*** Block opens ***

lemma card_extensions_mono:
  assumes swap: "cross_bipartite_swapping (VH u) (EH u) VG EG" and "u \<notin> U"
  shows "card (extensions U g) \<le> card (extensions (insert u U) g)"
proof (cases "hom_on_rest U g")
  case False
  then show ?thesis
    by (simp add: card_extensions)
next
  case True
  have "card (extensions U g) = card {\<phi> \<in> VH u \<times> UNIV \<rightarrow>\<^sub>E VG.
      (\<forall>x\<in>VH u. \<forall>c. \<phi> (x, c) \<in> common_nbhd g c) \<and> (\<forall>(x, y)\<in>EH u. \<forall>c. (\<phi> (x, c), \<phi> (y, c)) \<in> EG)}"
    using True \<open>u \<notin> U\<close> by (simp add: card_extensions)
  also have "\<dots> = hom_count (VH u) (EH u) (common_nbhd g True) (induced_edges EG (common_nbhd g True))
      * hom_count (VH u) (EH u) (common_nbhd g False) (induced_edges EG (common_nbhd g False))"
    by (rule card_homs_two_copies[OF EH_u common_nbhd_subset])
  also have "\<dots> \<le> hom_b (VH u) (EH u) EG (common_nbhd g True) (common_nbhd g False)"
    using swap common_nbhd_subset by (simp add: cross_bipartite_swapping_def)
  also have "\<dots> = card {\<phi> \<in> VH u \<times> UNIV \<rightarrow>\<^sub>E VG.
      (\<forall>x\<in>VH u. \<forall>c. \<phi> (x, c) \<in> common_nbhd g c) \<and> (\<forall>(x, y)\<in>EH u. \<forall>c. (\<phi> (x, c), \<phi> (y, \<not> c)) \<in> EG)}"
    by (rule hom_b_eq_card[OF common_nbhd_subset])
  also have "\<dots> = card (extensions (insert u U) g)"
    using True by (simp add: card_extensions hom_on_rest_insert)
  finally show ?thesis .
qed

end

theorem lemma5p2:
  fixes VG :: "'g set" and EG :: "('g \<times> 'g) set"
    and m :: nat and EF :: "(nat \<times> nat) set"
    and VH :: "nat \<Rightarrow> 'v set" and EH :: "nat \<Rightarrow> ('v \<times> 'v) set"
    and U :: "nat set" and u :: nat
  assumes G: "graph VG EG"
    and F: "graph {..<m} EF" "loopless EF" "bipartite {..<m} EF"
    and Hgraphs: "\<forall>i<m. graph (VH i) (EH i)"
    and Hswap: "\<forall>i<m. cross_bipartite_swapping (VH i) (EH i) VG EG"
    and U: "U \<subseteq> {..<m}"
    and u: "u < m" "u \<notin> U"
  shows "hom_count (HU_vertices m VH) (HU_edges m EF VH EH U) VG EG
           \<le> hom_count (HU_vertices m VH) (HU_edges m EF VH EH (insert u U)) VG EG"
proof -
  interpret blowup_blob VG EG m EF VH EH u
    using G F(1,2) Hgraphs u(1) by unfold_locales
  have split: "hom_count (HU_vertices m VH) (HU_edges m EF VH EH U') VG EG
      = (\<Sum>g\<in>rest \<rightarrow>\<^sub>E VG. card (extensions U' g))" for U'
    unfolding hom_count_def extensions_def HU_hom_def[symmetric] HU_vertices_minus_rest[symmetric]
    using finite_HU_vertices G by (intro card_PiE_override_split) (auto simp: graph_def rest_def)
  show ?thesis
    unfolding split using Hswap \<open>u < m\<close> \<open>u \<notin> U\<close> by (intro sum_mono card_extensions_mono) auto
qed

end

*** Block closes ***

• [Problem to solve]:
In how many lines of the data does the string "UNIV" appear? Give only the number.

• [Answer space]:
2